The forecast based on the 12-month average foretold some gains — Chrome should make the 68% mark by June — but the prophesied increase was significantly less than a month ago, when the prediction contended Chrome would hit 70% by mid-2020.
IE edges Edge
Microsoft’s browsers recovered three-tenths of a percentage point in November, the second straight month of share gains (and only the fourth time that’s happened in the last five years). IE+Edge ended November at 12.8%.
That total was tallied of two browsers, IE and Edge, with the increase credited entirely to the ancient and obsolete IE, not the at-least-newer Edge: IE climbed four-tenths of a point to 6.8% while Edge fell a tenth to 6%.
Because Windows 10’s share of all operating systems also declined, Edge remained with an 11.2% share of all Windows 10 browser activity, the level it’s been stuck at for a full quarter.
Measuring Edge against Windows 10 will soon be impossible, as the revamped browser — Microsoft tossed its own technologies and built a new Edge from Google’s Chromium – will reach release status Jan. 15, launching for Windows 7 and 8.1 as well as 10, not to mention macOS.
Whether Edge’s remodel will result in a jolt to its user share is unknown.
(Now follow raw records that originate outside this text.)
(* Let $r_1,r_2,r_3,L,M>0$ with $r_2>\max(r_1,r_3)$, and let $\lambda_1$, $\varphi_1$, $F$ be as in the context. Let $c_A>2\sqrt{-\lambda_1}$, let $0<T\le+\infty$, and let $A\in\mathcal C(\mathbb{R},[0,+\infty))$ with $A(t)=c_At$ for $t\in[0,T)$. Let $r(t,x)=r_1$ if $x<A(t)$, $r_2$ if $A(t)\le x<A(t)+L$, $r_3$ if $x\ge A(t)+L$, and let $f$ be globally bounded in $(t,x)$, $\mathcal C^2$ in $u$, with $f(t,x,0)=0$, $\partial_uf(t,x,0)=r(t,x)$, $r(t,x)u\ge f(t,x,u)\ge r(t,x)u-Mu^2$ for $u\ge0$, and $f(t,x,u)<0$ for $u>1$. Let $c=F(c_A)$ if $c_A<2\sqrt{r_1}+2\sqrt{-\lambda_1-r_1}$ and $c=2\sqrt{r_1}$ if $c_A\ge2\sqrt{r_1}+2\sqrt{-\lambda_1-r_1}$, let $\lambda(c)=\frac12(c-\sqrt{c^2-4r_1})$, and define $$\overline{u}(t,x)=\begin{cases}2 & x\le ct-\frac{\ln2}{\lambda(c)},\\ e^{-\lambda(c)(x-ct)} & ct-\frac{\ln 2}{\lambda(c)}<x<c_At,\\ e^{-\lambda(c)(c_A-c)t}e^{-\frac{c_A(x-c_At)}{2}}\varphi_1\big(\frac{x-c_At}{L}\big) & x\ge c_At.\end{cases}$$ Then for every constant $C\ge1$, $C\overline{u}$ is a (generalized) super-solution of $\partial_tu=\partial_{xx}u+f(t,x,u)$ for $t\in[0,T)$, $x\in\mathbb{R}$.
   Context: Let $\underline{L}=0$ if $r_1=r_3$ and $\underline{L}=\frac{1}{\sqrt{r_2-\max(r_1,r_3)}}\operatorname{arccot}\big(\sqrt{\frac{r_2-\max(r_1,r_3)}{|r_1-r_3|}}\big)$ otherwise ($\operatorname{arccot}$ the inverse of $\cot|_{(0,\pi)}$). $\lambda_1=-\max(r_1,r_3)$ if $L\le\underline{L}$; if $L>\underline{L}$, $\lambda_1$ is the unique solution in $(-r_2,\min(-\max(r_1,r_3),\pi^2/L^2-r_2))$ of $\cot(L\sqrt{r_2+\lambda_1})=\frac{r_2+\lambda_1-\sqrt{(r_1+\lambda_1)(r_3+\lambda_1)}}{\sqrt{r_2+\lambda_1}(\sqrt{-r_1-\lambda_1}+\sqrt{-r_3-\lambda_1})}$. $F(c)=\frac{c-2\sqrt{-\lambda_1-r_1}}{2}+\frac{2r_1}{c-2\sqrt{-\lambda_1-r_1}}$ for $c>2\sqrt{-\lambda_1-r_1}$. The function $\varphi_1$ (a positive $\mathcal C^1$ solution of $-L^{-2}\varphi''-m\varphi=\lambda_1\varphi$ with $m=r_1\mathbf 1_{y<0}+r_2\mathbf 1_{0\le y<1}+r_3\mathbf 1_{y\ge1}$, normalized by $\varphi_1(0)=1$) is: (1) if $L>\underline{L}$: with $C_3\in(0,\pi/2)$ given by $\cot C_3=\sqrt{(-r_1-\lambda_1)/(r_2+\lambda_1)}$, $\varphi_1(y)=e^{L\sqrt{-r_1-\lambda_1}\,y}$ for $y\le0$, $\varphi_1(y)=\sin(L\sqrt{r_2+\lambda_1}\,y+C_3)/\sin C_3$ for $0<y<1$, $\varphi_1(y)=\frac{\sin(L\sqrt{r_2+\lambda_1}+C_3)}{\sin C_3}e^{-L\sqrt{-r_3-\lambda_1}(y-1)}$ for $y\ge1$; (2) if $r_1<r_3$ and $L\le\underline{L}$ (so $\lambda_1=-r_3$): with $C_3\in(0,\pi/2)$, $\cot C_3=\sqrt{(r_3-r_1)/(r_2-r_3)}$, $\varphi_1(y)=e^{L\sqrt{r_3-r_1}\,y}$ for $y\le0$, $\sin(L\sqrt{r_2-r_3}\,y+C_3)/\sin C_3$ for $0<y<1$, and $\frac{\sin(L\sqrt{r_2-r_3}+C_3)}{\sin C_3}+\frac{\sqrt{r_2-r_3}\cos(L\sqrt{r_2-r_3}+C_3)}{\sin C_3}L(y-1)$ for $y\ge1$; (3) if $r_1>r_3$ and $L\le\underline{L}$ (so $\lambda_1=-r_1$): $\varphi_1(y)=\psi(1-y)/\psi(1)$ where $\psi$ is the function of case (2) with $r_1$ and $r_3$ interchanged. A (generalized) super-solution is a continuous function, smooth on finitely many space-time regions separated by $\mathcal C^1$ curves, satisfying $\partial_t\overline u\ge\partial_{xx}\overline u+f(t,x,\overline u)$ in each region and $\partial_x\overline u(t,x^-)\ge\partial_x\overline u(t,x^+)$ across each interface. *)

theory Defs
  imports "HOL-Analysis.Analysis" "HOL-Library.Extended_Real"
begin
lemma conf_sym_diff_emeasure_le_THK:
  fixes X :: "nat \<Rightarrow> 'w \<Rightarrow> 'a::second_countable_topology" and Y :: "nat \<Rightarrow> 'w \<Rightarrow> real"
    and fit :: "(nat \<Rightarrow> 'a \<times> real) \<Rightarrow> 'a \<Rightarrow> real"
    and Stil tau :: "(nat \<Rightarrow> 'a \<times> real) \<Rightarrow> nat \<Rightarrow> real"
    and p :: "((nat \<Rightarrow> 'a \<times> real) \<times> 'a) \<times> real \<Rightarrow> real"
  assumes M: "finite_measure M"
    and X_meas: "\<And>i. i \<in> {1..Suc n} \<Longrightarrow> X i \<in> borel_measurable M"
    and Y_meas: "\<And>i. i \<in> {1..Suc n} \<Longrightarrow> Y i \<in> borel_measurable M"
    and Yset: "Yset \<in> sets borel"
    and fit_meas: "(\<lambda>(g, x). fit g x) \<in> borel_measurable (PiM {1..Suc n} (\<lambda>_. borel) \<Otimes>\<^sub>M borel)"
    and s_meas: "case_prod s \<in> borel_measurable borel"
    and Stil_meas: "\<And>i. (\<lambda>g. Stil g i) \<in> borel_measurable (PiM {1..Suc n} (\<lambda>_. borel))"
    and tau_meas: "\<And>i. (\<lambda>g. tau g i) \<in> borel_measurable (PiM {1..Suc n} (\<lambda>_. borel))"
    and p_meas: "p \<in> borel_measurable ((PiM {1..n} (\<lambda>_. borel) \<Otimes>\<^sub>M borel) \<Otimes>\<^sub>M borel)"
    and p_bound: "\<And>w y. y \<in> Yset \<Longrightarrow> p (w, y) \<le> c"
    and p_density: "\<And>A B. A \<in> sets borel \<Longrightarrow> B \<in> sets (PiM {1..n} (\<lambda>_. borel) \<Otimes>\<^sub>M borel) \<Longrightarrow>
       emeasure M {\<omega> \<in> space M. Y (Suc n) \<omega> \<in> A \<and>
                     ((\<lambda>j\<in>{1..n}. (X j \<omega>, Y j \<omega>)), X (Suc n) \<omega>) \<in> B}
       = (\<integral>\<^sup>+ w. indicator B w * (\<integral>\<^sup>+ y. indicator A y * ennreal (p (w, y)) \<partial>lborel)
            \<partial>(distr M (PiM {1..n} (\<lambda>_. borel) \<Otimes>\<^sub>M borel)
                  (\<lambda>\<omega>. ((\<lambda>j\<in>{1..n}. (X j \<omega>, Y j \<omega>)), X (Suc n) \<omega>))))"
  shows "emeasure M {\<omega> \<in> space M. Y (Suc n) \<omega> \<in>
      sym_diff (conf_approx n Stil tau Yset \<alpha> (\<lambda>j\<in>{1..n}. (X j \<omega>, Y j \<omega>)) (X (Suc n) \<omega>))
               (conf_exact n s fit Yset \<alpha> (\<lambda>j\<in>{1..n}. (X j \<omega>, Y j \<omega>)) (X (Suc n) \<omega>))}
    \<le> ennreal c * (\<integral>\<^sup>+ \<omega>. THK n s fit Stil tau Yset \<alpha> (\<lambda>j\<in>{1..n}. (X j \<omega>, Y j \<omega>)) (X (Suc n) \<omega>) \<partial>M)"
proof -
  define W where "W \<omega> = ((\<lambda>j\<in>{1..n}. (X j \<omega>, Y j \<omega>)), X (Suc n) \<omega>)" for \<omega>
  define C where "C w = sym_diff (conf_approx n Stil tau Yset \<alpha> (fst w) (snd w))
    (conf_exact n s fit Yset \<alpha> (fst w) (snd w))" for w
  have C_sets: "{z \<in> space ((PiM {1..n} (\<lambda>_. borel) \<Otimes>\<^sub>M borel) \<Otimes>\<^sub>M borel). snd z \<in> C (fst z)}
      \<in> sets ((PiM {1..n} (\<lambda>_. borel) \<Otimes>\<^sub>M borel) \<Otimes>\<^sub>M borel)"
    using pred_mem_conf_exact[OF Yset fit_meas s_meas] pred_mem_conf_approx[OF Yset Stil_meas tau_meas]
    unfolding C_def by measurable
  have W: "W \<in> measurable M (PiM {1..n} (\<lambda>_. borel) \<Otimes>\<^sub>M borel)"
    unfolding W_def using X_meas Y_meas by (rule measurable_train_test_split)
  have "emeasure M {\<omega> \<in> space M. Y (Suc n) \<omega> \<in> C (W \<omega>)}
      \<le> ennreal c * (\<integral>\<^sup>+ \<omega>. emeasure lborel (C (W \<omega>)) \<partial>M)"
    using Y_meas p_bound
    by (intro emeasure_mem_random_set_le[OF M W _ p_meas p_density[folded W_def] C_sets])
       (auto simp: C_def conf_exact_def conf_approx_def)
  then show ?thesis
    by (simp add: C_def W_def THK_def)
qed
lemma global_max_left_ln:
  assumes "b1 \<le> 0" "is_global_max p q b1 b2 b3 w" "w \<le> 1/2"
  shows "ln w \<le> 1 + b1"
proof -
  have w: "0 < w" "w < 1" using global_max_interior[OF _ _ assms(2)] p2 pq by auto
  have "0 \<le> max (b1 + b2 + b3) 0 * (1 - w\<^sup>2)" using w by (simp add: power_le_one)
  hence "- b1 * (w * (1 - w)) \<le> w * (1 - ln w) / 2"
    using global_max_entropy_bound[OF assms(2)] half_entropy_le[OF w] by linarith
  moreover have "- b1 * (w / 2) \<le> - b1 * (w * (1 - w))"
    using assms w by (intro mult_left_mono) auto
  ultimately have "w * (- b1) \<le> w * (1 - ln w)" by (simp add: algebra_simps)
  hence "- b1 \<le> 1 - ln w" using w(1) by (simp only: mult_le_cancel_left_pos)
  thus ?thesis by linarith
qed

lemma global_max_left_value:
  assumes "b1 \<le> 0" "is_global_max p q b1 b2 b3 w" "w \<le> 1/2"
  shows "b1 + b2 + b3 \<le> 2 * sqrt w"
proof -
  define t where "t = max (b1 + b2 + b3) 0"
  have w: "0 < w" "w < 1" using global_max_interior[OF _ _ assms(2)] p2 pq by auto
  have "w\<^sup>2 \<le> 1/4" using w assms(3) power_mono[of w "1/2" 2] by (simp add: power2_eq_square)
  hence "t * (3/4) \<le> t * (1 - w\<^sup>2)" unfolding t_def by (intro mult_left_mono) auto
  moreover have "0 \<le> - b1 * (w * (1 - w))" using assms w by (intro mult_nonneg_nonneg) auto
  ultimately have "t * (3/4) \<le> 3/2 * sqrt w"
    using global_max_entropy_bound[OF assms(2)] half_entropy_le_sqrt[OF w]
    unfolding t_def by linarith
  moreover have "b1 + b2 + b3 \<le> t" unfolding t_def by simp
  ultimately show ?thesis by linarith
qed

lemma global_max_right_ln:
  assumes "b1 \<le> 0" "is_global_max p q b1 b2 b3 w" "1/2 \<le> w"
  shows "ln (1 - w) \<le> 1 + b1 - 2 * max (b1 + b2 + b3) 0"
proof -
  define t where "t = max (b1 + b2 + b3) 0"
  have w: "0 < 1 - w" "1 - w < 1" using global_max_interior[OF _ _ assms(2)] p2 pq by auto
  have "(1 - w) * (t * (1 + w) - b1 * w) \<le> (1 - w) * ((1 - ln (1 - w)) / 2)"
    using global_max_entropy_bound[OF assms(2)] half_entropy_le[OF w] half_entropy_sym[of w]
    unfolding t_def by (simp add: algebra_simps power2_eq_square)
  hence "t * (1 + w) - b1 * w \<le> (1 - ln (1 - w)) / 2"
    using w by (simp add: mult_le_cancel_left_pos)
  moreover have "t \<le> t * (1 + w)"
    using w mult_left_mono[of 1 "1 + w" t] unfolding t_def by simp
  moreover have "b1 * w \<le> b1 * (1/2)" using assms mult_left_mono_neg[of "1/2" w b1] by simp
  ultimately show ?thesis unfolding t_def by argo
qed

lemma global_max_right_value:
  assumes "is_global_max p q b1 b2 b3 w" "1/2 \<le> w"
  shows "- 3 * sqrt (1 - w) \<le> b1 + b2 + b3"
proof -
  have pq1: "1 \<le> p" "1 \<le> q" using p2 pq by auto
  have w: "0 < 1 - w" "1 - w < 1" using global_max_interior[OF pq1 assms(1)] by auto
  show ?thesis
  proof (cases "0 \<le> b1 + b2 + b3")
    case False
    have "0 \<le> (b2 + b3) * (w * (1 - w))" using b2 b3 w by simp
    hence "lfun p q b1 b2 b3 w \<le> (b1 + b2 + b3) * w + 3/2 * sqrt (1 - w)"
      using lpoly_le_quadratic[of w] w half_entropy_le_sqrt[OF w] half_entropy_sym[of w]
      unfolding lfun_eq_lpoly_plus_half_entropy by (simp add: algebra_simps power2_eq_square)
    moreover have "(b1 + b2 + b3) * w \<le> (b1 + b2 + b3) / 2"
      using False assms(2) mult_left_mono_neg[of "1/2" w "b1 + b2 + b3"] by simp
    ultimately show ?thesis using global_max_ge_endpoints(1)[OF pq1 assms(1)] by argo
  qed (use w real_sqrt_ge_zero[of "1 - w"] in linarith)
qed

lemma global_maxima_not_both_left:
  assumes "b1 \<le> 0" and small_q: "real q * real q * (2 - b1) < exp (- b1 - 1) / 2"
    and gu: "is_global_max p q b1 b2 b3 u" and gv: "is_global_max p q b1 b2 b3 v"
    and "u < v" "v \<le> 1/2"
  shows False
proof -
  have pq1: "1 \<le> p" "1 \<le> q" using p2 pq by auto
  have u: "0 < u" "u < 1" and v: "0 < v" "v < 1"
    using global_max_interior[OF pq1 gu] global_max_interior[OF pq1 gv] by auto
  have "exp (- b1 - 1) \<le> 1 / v"
    using global_max_left_ln[OF assms(1) gv assms(6)] v(1)
    by (intro exp_le_inverse_of_ln_le) auto
  moreover have "b1 + b2 + b3 \<le> 2"
    using global_max_left_value[OF assms(1) gu] assms(5,6) u by (smt (verit) real_sqrt_le_1_iff)
  hence "curv_bound p q b2 b3 \<le> real q * real q * (2 - b1)"
    using curv_bound_le[OF pq b2 b3] mult_left_mono[of "b2 + b3" "2 - b1" "real q * real q"]
    by simp
  moreover have "0 < 1 / (1 - u)" using u by simp
  ultimately show False using global_maxima_curv_bound[OF pq1 gu gv assms(5)] small_q by linarith
qed

lemma global_maxima_not_both_right:
  assumes "b1 \<le> 0" and small_q: "real q * real q * (2 - b1) < exp (- b1 - 1) / 2"
    and gu: "is_global_max p q b1 b2 b3 u" and gv: "is_global_max p q b1 b2 b3 v"
    and "u < v" "1/2 \<le> u"
  shows False
proof -
  define t where "t = max (b1 + b2 + b3) 0"
  define E where "E = exp (- b1 - 1)"
  define Q where "Q = real q * real q"
  have pq1: "1 \<le> p" "1 \<le> q" using p2 pq by auto
  have u: "0 < 1 - u" and v: "0 < v"
    using global_max_interior[OF pq1 gu] global_max_interior[OF pq1 gv] by auto
  have "E * (1 + 2 * t) \<le> E * exp (2 * t)" unfolding E_def
    by (intro mult_left_mono exp_ge_add_one_self) simp
  also have "\<dots> = exp (- b1 - 1 + 2 * t)" unfolding E_def by (simp add: exp_add)
  also have "\<dots> \<le> 1 / (1 - u)"
    using global_max_right_ln[OF assms(1) gu assms(6)] u unfolding t_def
    by (intro exp_le_inverse_of_ln_le) auto
  finally have far_right: "E + 2 * (E * t) \<le> 1 / (1 - u)" by (simp add: algebra_simps)
  have Q: "Q * 2 - Q * b1 < E / 2" "0 \<le> Q" "Q * b1 \<le> 0" "0 < E"
    using small_q assms(1) unfolding Q_def E_def
    by (simp_all add: algebra_simps mult_nonpos_nonneg)
  hence "Q * t \<le> E * t" unfolding t_def by (intro mult_right_mono) auto
  moreover have "curv_bound p q b2 b3 \<le> Q * t - Q * b1"
    using curv_bound_le[OF pq b2 b3] mult_left_mono[of "b2 + b3" "t - b1" Q]
    unfolding t_def Q_def by (simp add: algebra_simps)
  moreover have "0 < 1 / v" using v by simp
  ultimately show False
    using global_maxima_curv_bound[OF pq1 gu gv assms(5)] far_right Q by linarith
qed

lemma global_maxima_straddle_value:
  assumes "b1 \<le> 0" "is_global_max p q b1 b2 b3 u" "is_global_max p q b1 b2 b3 v"
    and "u \<le> 1/2" "1/2 \<le> v"
  shows "\<bar>b1 + b2 + b3\<bar> \<le> 3 * sqrt (exp (1 + b1))"
proof -
  have pq1: "1 \<le> p" "1 \<le> q" using p2 pq by auto
  have u: "0 < u" and v: "0 < 1 - v"
    using global_max_interior[OF pq1 assms(2)] global_max_interior[OF pq1 assms(3)] by auto
  have "ln u \<le> 1 + b1" by (rule global_max_left_ln[OF assms(1,2,4)])
  hence "sqrt u \<le> sqrt (exp (1 + b1))"
    using u by (metis exp_le_cancel_iff exp_ln real_sqrt_le_iff)
  moreover have "ln (1 - v) \<le> 1 + b1"
    using global_max_right_ln[OF assms(1,3,5)] max.cobounded2[of 0 "b1 + b2 + b3"] by argo
  hence "sqrt (1 - v) \<le> sqrt (exp (1 + b1))"
    using v by (metis exp_le_cancel_iff exp_ln real_sqrt_le_iff)
  ultimately show ?thesis
    using global_max_left_value[OF assms(1,2,4)] global_max_right_value[OF assms(3,5)] by linarith
qed

end

theorem two_maximizers_value_at_one:
  assumes "2 \<le> p" "p \<le> q" "0 \<le> b3" "b1 \<le> 0"
    and "real q * real q * (2 - b1) < exp (- b1 - 1) / 2"
    and "real q * real q * b3 < exp (2 * (- b1 - b3) - 1) / 2"
    and tm: "two_maximizers p q b1 b2 b3"
  shows "\<bar>b1 + b2 + b3\<bar> \<le> 3 * sqrt (exp (1 + b1))"
proof -
  have b2: "0 \<le> b2" using two_maximizers_b2_nonneg[OF _ _ assms(3,6) tm] assms(1,2) by auto
  obtain u v where uv: "u < v" and gu: "is_global_max p q b1 b2 b3 u"
    and gv: "is_global_max p q b1 b2 b3 v"
    using two_maximizers_ordered[OF tm] .
  consider "v \<le> 1/2" | "1/2 \<le> u" | "u \<le> 1/2" "1/2 \<le> v" by linarith
  thus ?thesis
  proof cases
    case 1
    thus ?thesis
      using global_maxima_not_both_left[OF assms(1,2) b2 assms(3,4,5) gu gv uv] by blast
  next
    case 2
    thus ?thesis
      using global_maxima_not_both_right[OF assms(1,2) b2 assms(3,4,5) gu gv uv] by blast
  next
    case 3
    thus ?thesis by (rule global_maxima_straddle_value[OF assms(1,2) b2 assms(3,4) gu gv])
  qed
qed

theorem corollary4:
  fixes p q :: nat and b3 :: real
  assumes "2 \<le> p" and "p < q" and "q \<le> 5 * p - 1" and "b3 \<ge> 0"
    and "\<exists>!u. 0 < u \<and> u < 1 \<and>
      b3 = (real p * u - (real p - 1)) /
           (2 * real q * (real q - 1) * (real q - real p) * u ^ (q - 1) * (1 - u)^2)"
    and "\<forall>b1 < beta1c p q b3. \<exists>!b2. two_maximizers p q b1 b2 b3"
  shows "((\<lambda>b1. \<bar>transition_curve p q b3 b1 + b1 + b3\<bar>) \<longlongrightarrow> 0) at_bot"
proof (rule tendsto_sandwich)
  \<comment> \<open>The hypotheses q \<le> 5p - 1 and uniqueness of u0 only make beta1c well defined;
    the estimate does not use them.\<close>
  have "\<forall>\<^sub>F b1 in at_bot. b1 < beta1c p q b3" unfolding eventually_at_bot_dense by blast
  moreover have "\<forall>\<^sub>F b1 in at_bot. b1 \<le> (0::real)"
    and "\<forall>\<^sub>F b1 in at_bot. real q * real q * (2 - b1) < exp (- b1 - 1) / 2"
    and "\<forall>\<^sub>F b1 in at_bot. real q * real q * b3 < exp (2 * (- b1 - b3) - 1) / 2"
    by real_asymp+
  ultimately show
    "\<forall>\<^sub>F b1 in at_bot. \<bar>transition_curve p q b3 b1 + b1 + b3\<bar> \<le> 3 * sqrt (exp (1 + b1))"
  proof eventually_elim
    case (elim b1)
    hence "\<exists>!b2. two_maximizers p q b1 b2 b3" using assms(6) by blast
    hence "two_maximizers p q b1 (transition_curve p q b3 b1) b3"
      unfolding transition_curve_def by (rule theI')
    from two_maximizers_value_at_one[OF assms(1) less_imp_le[OF assms(2)] assms(4) elim(2-4) this]
    show ?case by (simp add: add_ac)
  qed
  show "\<forall>\<^sub>F b1 in at_bot. 0 \<le> \<bar>transition_curve p q b3 b1 + b1 + b3\<bar>" by simp
  show "((\<lambda>_. 0) \<longlongrightarrow> (0::real)) at_bot" by simp
  show "((\<lambda>b1. 3 * sqrt (exp (1 + b1))) \<longlongrightarrow> 0) at_bot" by real_asymp
qed

end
Microsoft is, if not counting on Edge’s phoenix-rising, eager to put a thumb on the scale to boost the chances; it will automatically replace the original homegrown Edge with the Chromium-based version rather than wait as users do what they do best, stick with the status quo.
Edge may never gain much ground in Net Applications’ measurements. The California metrics vendor best quantifies individuals’ browsing activity, and while Microsoft wouldn’t object if that group dumped Chrome for a Chrome clone, there’s good evidence that the retuned Edge is a corporate play.
Elsewhere in Net Applications’ numbers, Apple’s Safari gained half a percentage point for the fourth consecutive month, climbing to 5.3%, and Opera Software’s browser remained flat at 1.3%. Safari’s increase came as macOS climbed six-tenths of a percentage point to 11.6%, a record for Apple’s operating system. For November, Safari’s share of macOS rose to 45.6%, the highest mark since December 2017, showing that it is possible for a browser to convince customers to ditch Chrome for a browser they’d used before.
Net Applications calculates user share by detecting the agent strings of the browsers that render the websites of Net Applications’ clients. The firm tallies visitor sessions to measure browser user activity.